By Kevin Folta
I was glued to an uncomfortable seat in a rickety van, speeding down a marginal Chinese highway. A group of scientists ventured out for a day trip, from Wuhan to the Three Gorges Dam. The driver spoke no English, his foot was made of lead, and he chain-smoked one cigarette after another, pausing only to find his lighter to start the next one. It was a five-hour rocket ride in a vehicle that was held together with coat hangers and duct tape, propelled by a loud engine whining in overdrive, screaming for a break. But something else made this trip most memorable.
The driver produced a large shopping bag filled with green, blotchy-brown fruits. I didn’t know what they were, but we were encouraged to dig in, as eating unknown, unwashed and unfamiliar fruits might distract us from the imminent perils of a rural China hell ride.
The fruit were sweet, about the size of a small plum, but with the texture of an apple. They were amazingly tasty, immediately addictive, and I soon found myself eating one after another like popcorn. A Chinese colleague told me that they were jujubes (Ziziphus jujuba; sometimes called Chinese dates), a popular snack fruit in China, prized across Asia into the Mediterranean region. While new to me, the jujube is well known to over a billion people and is one of the oldest cultivated tree species in the world.
Upon returning home, a brief web search revealed that the jujube has minor cultivation in the United States, with few efforts dedicated to its genetic improvement. There are two principle species, the Chinese jujube (Z. jujuba Mill.) and the Indian jujube (Z. jujuba Lam.). The former can be invasive, while the latter can be cold sensitive, so most commercial trees typically are composed of the Chinese version grafted to the Indian rootstock, or less invasive Chinese varieties. Over 800 varieties have been created, mostly in China, where breeding for disease resistance is a priority.
The tree was introduced to the United States in 1837 and found a home in U.S. Department of Agriculture stations in the Southwest and Southeast. Some varieties were developed in Chico, California, with modern-day domestic breeding continuing in New Mexico.
STANDS UP TO STRESS
One of jujube’s most important horticultural traits is its profound resistance to environmental stress, particularly drought. Trees may be productive with as little as 200 millimeters of rain per year. Jujube thrives in mountainous and arid regions of China. In fact, the tree can withstand severe drought and was one of two tree species to survive the extreme drought event in China’s Shaanxi Province in 1919. Jujube has a remarkable stress tolerance in general, as established seedlings grow normally in salinated soil.
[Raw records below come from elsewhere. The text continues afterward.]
lemma sum_walsh_transform_cube:
  "(\<Sum>a\<in>UNIV. walsh_transform m f (a::'a) ^ 3)
     = int CARD('a) * (\<Sum>x\<in>UNIV. \<Sum>y\<in>UNIV. add_char m (f x + f y + f (x + y)))"
proof -
  have "walsh_transform m f a ^ 3 = (\<Sum>x\<in>UNIV. \<Sum>y\<in>UNIV. \<Sum>z\<in>UNIV.
          add_char m (f x + f y + f z) * add_char m (a * (x + y + z)))" for a
  proof -
    have "walsh_transform m f a ^ 3 = walsh_transform m f a * (walsh_transform m f a * walsh_transform m f a)"
      by (simp add: power3_eq_cube)
    also have "\<dots> = (\<Sum>x\<in>UNIV. \<Sum>y\<in>UNIV. \<Sum>z\<in>UNIV. (add_char m (f x) * add_char m (a * x)) *
        ((add_char m (f y) * add_char m (a * y)) * (add_char m (f z) * add_char m (a * z))))"
      by (simp only: walsh_transform_eq sum_product, simp only: sum_distrib_left)
    finally show ?thesis
      by (simp add: add_char_add algebra_simps)
  qed
  then have "(\<Sum>a\<in>UNIV. walsh_transform m f a ^ 3) = (\<Sum>x\<in>UNIV. \<Sum>a\<in>UNIV. \<Sum>y\<in>UNIV. \<Sum>z\<in>UNIV.
          add_char m (f x + f y + f z) * add_char m (a * (x + y + z)))"
    using sum.swap by simp
  also have "\<dots> = (\<Sum>x\<in>UNIV. \<Sum>y\<in>UNIV. \<Sum>a\<in>UNIV. \<Sum>z\<in>UNIV.
          add_char m (f x + f y + f z) * add_char m (a * (x + y + z)))"
    by (intro sum.cong refl sum.swap)
  also have "\<dots> = (\<Sum>x\<in>UNIV. \<Sum>y\<in>UNIV. \<Sum>z\<in>UNIV.
          add_char m (f x + f y + f z) * (\<Sum>a\<in>UNIV. add_char m (a * (x + y + z))))"
    unfolding sum_distrib_left by (intro sum.cong refl sum.swap)
  also have "\<dots> = int CARD('a) * (\<Sum>x\<in>UNIV. \<Sum>y\<in>UNIV. add_char m (f x + f y + f (x + y)))"
    by (simp add: sum_add_char_mult add_eq_0_iff_eq if_distrib sum_distrib_left mult.commute
        cong: if_cong)
  finally show ?thesis .
qed

context
  fixes d :: nat
  assumes d_pos: "d > 0" and coprime_d: "coprime d (2 ^ m - 1)"
begin

lemma sum_UNIV_power: "(\<Sum>x\<in>UNIV. g (x ^ d :: 'a)) = (\<Sum>x\<in>UNIV. g x)"
  using sum_UNIV_power_coprime d_pos coprime_d card_eq by metis

lemma walsh_zero: "walsh m d (0::'a) = 0"
  unfolding walsh_def using sum_UNIV_power[of "add_char m"] sum_add_char by simp

lemma sum_add_char_power_triples:
  "(\<Sum>x\<in>UNIV. \<Sum>y\<in>UNIV. add_char m (x ^ d + y ^ d + (x + y) ^ d :: 'a))
     = int CARD('a) * int (card {t::'a. 1 + t ^ d + (1 + t) ^ d = 0})"
proof -
  define c where "c t = 1 + t ^ d + (1 + t) ^ d" for t :: 'a
  have homogeneous: "(\<Sum>y\<in>UNIV. add_char m (x ^ d + y ^ d + (x + y) ^ d))
      = (\<Sum>t\<in>UNIV. add_char m (x ^ d * c t))" for x :: 'a
  proof (cases "x = 0")
    case True
    then show ?thesis
      using d_pos by (simp add: zero_power add_self_eq_0)
  next
    case False
    have "x ^ d + (x * t) ^ d + (x + x * t) ^ d = x ^ d * c t" for t
    proof -
      have "(x + x * t) ^ d = x ^ d * (1 + t) ^ d"
        by (simp add: distrib_left flip: power_mult_distrib)
      then show ?thesis
        by (simp add: c_def power_mult_distrib algebra_simps)
    qed
    then have "(\<Sum>t\<in>UNIV. add_char m (x ^ d * c t))
        = (\<Sum>y\<in>UNIV. add_char m (x ^ d + y ^ d + (x + y) ^ d))"
      by (intro sum.reindex_bij_witness[of _ "\<lambda>y. y / x" "\<lambda>t. x * t"]) (use False in auto)
    then show ?thesis ..
  qed
  have "(\<Sum>x\<in>UNIV. \<Sum>y\<in>UNIV. add_char m (x ^ d + y ^ d + (x + y) ^ d :: 'a))
      = (\<Sum>t\<in>UNIV. \<Sum>x\<in>UNIV. add_char m (x ^ d * c t))"
    unfolding homogeneous by (rule sum.swap)
  also have "\<dots> = (\<Sum>t\<in>UNIV. \<Sum>x\<in>UNIV. add_char m (x * c t))"
    by (simp add: sum_UNIV_power[of "\<lambda>x. add_char m (x * _)"])
  also have "\<dots> = int CARD('a) * int (card {t. c t = 0})"
    by (simp add: sum_add_char_mult sum.If_cases)
  finally show ?thesis
    by (simp add: c_def)
qed

lemma sum_nonzero_walsh_powers:
  "(\<Sum>a\<in>UNIV - {0::'a}. walsh m d a) = 2 ^ m"
  "(\<Sum>a\<in>UNIV - {0::'a}. walsh m d a ^ 2) = 2 ^ (2 * m)"
  "(\<Sum>a\<in>UNIV - {0::'a}. walsh m d a ^ 3) = 2 ^ (2 * m) * int (card {t::'a. 1 + t ^ d + (1 + t) ^ d = 0})"
proof -
  have nonzero: "(\<Sum>a\<in>UNIV - {0::'a}. walsh m d a ^ k) = (\<Sum>a\<in>UNIV. walsh m d (a::'a) ^ k)" if "k > 0" for k
    using sum.remove[of UNIV "0::'a" "\<lambda>a. walsh m d a ^ k"] walsh_zero that by (simp add: zero_power)
  have q: "int CARD('a) = 2 ^ m" "int CARD('a) ^ 2 = 2 ^ (2 * m)"
    using card_eq by (simp_all add: power_mult mult.commute)
  show "(\<Sum>a\<in>UNIV - {0::'a}. walsh m d a) = 2 ^ m"
    using nonzero[of 1] sum_walsh_transform d_pos q
    by (simp add: walsh_eq_walsh_transform zero_power)
  show "(\<Sum>a\<in>UNIV - {0::'a}. walsh m d a ^ 2) = 2 ^ (2 * m)"
    using nonzero[of 2] sum_walsh_transform_square q by (simp add: walsh_eq_walsh_transform)
  show "(\<Sum>a\<in>UNIV - {0::'a}. walsh m d a ^ 3) = 2 ^ (2 * m) * int (card {t::'a. 1 + t ^ d + (1 + t) ^ d = 0})"
    using nonzero[of 3] sum_walsh_transform_cube sum_add_char_power_triples q
    by (simp add: walsh_eq_walsh_transform power2_eq_square)
qed

end

end

lemma card_level_set_three_valued:
  fixes w :: "'b \<Rightarrow> int"
  assumes "finite S" and "w ` S \<subseteq> {A, B, C}"
  shows "int (card {a\<in>S. w a = C}) * ((C - A) * (C - B))
           = (\<Sum>a\<in>S. w a ^ 2) - (A + B) * (\<Sum>a\<in>S. w a) + A * B * int (card S)"
proof -
  have "int (card {a\<in>S. w a = C}) * ((C - A) * (C - B)) = (\<Sum>a\<in>S. if w a = C then (C - A) * (C - B) else 0)"
    using assms(1) by (simp add: sum.inter_filter[symmetric])
  also have "\<dots> = (\<Sum>a\<in>S. (w a - A) * (w a - B))"
    by (intro sum.cong refl) (use assms(2) in auto)
  also have "\<dots> = (\<Sum>a\<in>S. w a ^ 2) - (A + B) * (\<Sum>a\<in>S. w a) + A * B * int (card S)"
    by (simp add: power2_eq_square algebra_simps sum.distrib sum_subtractf sum_distrib_left)
  finally show ?thesis .
qed

lemma sum_three_valued_cubic:
  fixes w :: "'b \<Rightarrow> int"
  assumes "w ` S \<subseteq> {A, B, C}"
  shows "(\<Sum>a\<in>S. w a ^ 3) - (A + B + C) * (\<Sum>a\<in>S. w a ^ 2)
           + (A * B + B * C + C * A) * (\<Sum>a\<in>S. w a) - A * B * C * int (card S) = 0"
proof -
  have "(\<Sum>a\<in>S. (w a - A) * (w a - B) * (w a - C)) = 0"
    by (rule sum.neutral) (use assms in auto)
  then show ?thesis
    by (simp add: power2_eq_square power3_eq_cube algebra_simps sum.distrib sum_subtractf sum_distrib_left)
qed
The mechanisms of its almost cactus-like drought tolerance have been well studied. The mature tap root reaches deep to about 13 meters. Several groups have examined drought stress on established trees. Even when water was withheld, the trees remained productive and vigorous, primarily by limiting leaf conductance, a measure of the water loss through leaf stomata.
The problem is that when the stomatal leaf pores are closed there is limited gas exchange needed for photosynthesis. Jujubes solve this problem by adjusting the osmotic relations with the plant, driving water into the leaves. This means that the jujube is not just fighting loss, it is increasing water uptake and partitioning by using a variety of separate mechanisms. Trees also repartition carbohydrates and ultimately will drop leaves to protect the plant under the most severe water deficits.
OTHER USES AND PLANT POTENTIAL
The jujube tree has additional value. The leaves may be used for cattle feed, the wood is hard and of excellent quality, and various tree parts have important roles in traditional Chinese medicine.
The genome of the jujube was completed in 2016, revealing a complete parts list for this unusual tree. Genes associated with sugar production were identified and apparently were a basis for domestication and selection of all modern cultivated varieties. This resource will be critical in speeding breeding efforts that emphasize stress tolerance.
As desertification invades marginal crop-growing areas and water becomes scarcer, the development of drought-tolerant alternatives will be extremely important. Genetic improvement of jujube may bring an outstanding alternative crop for the Southeast. Breeding for this region should become a priority, as the fruit are plentiful and likely could find a place in local and, eventually, national markets. Most importantly, Ziziphus species may bring a reliable and predictable tree that thrives when the environment is unreliable and unpredictable.
Kevin Folta is a horticultural sciences professor at the University of Florida in Gainesville.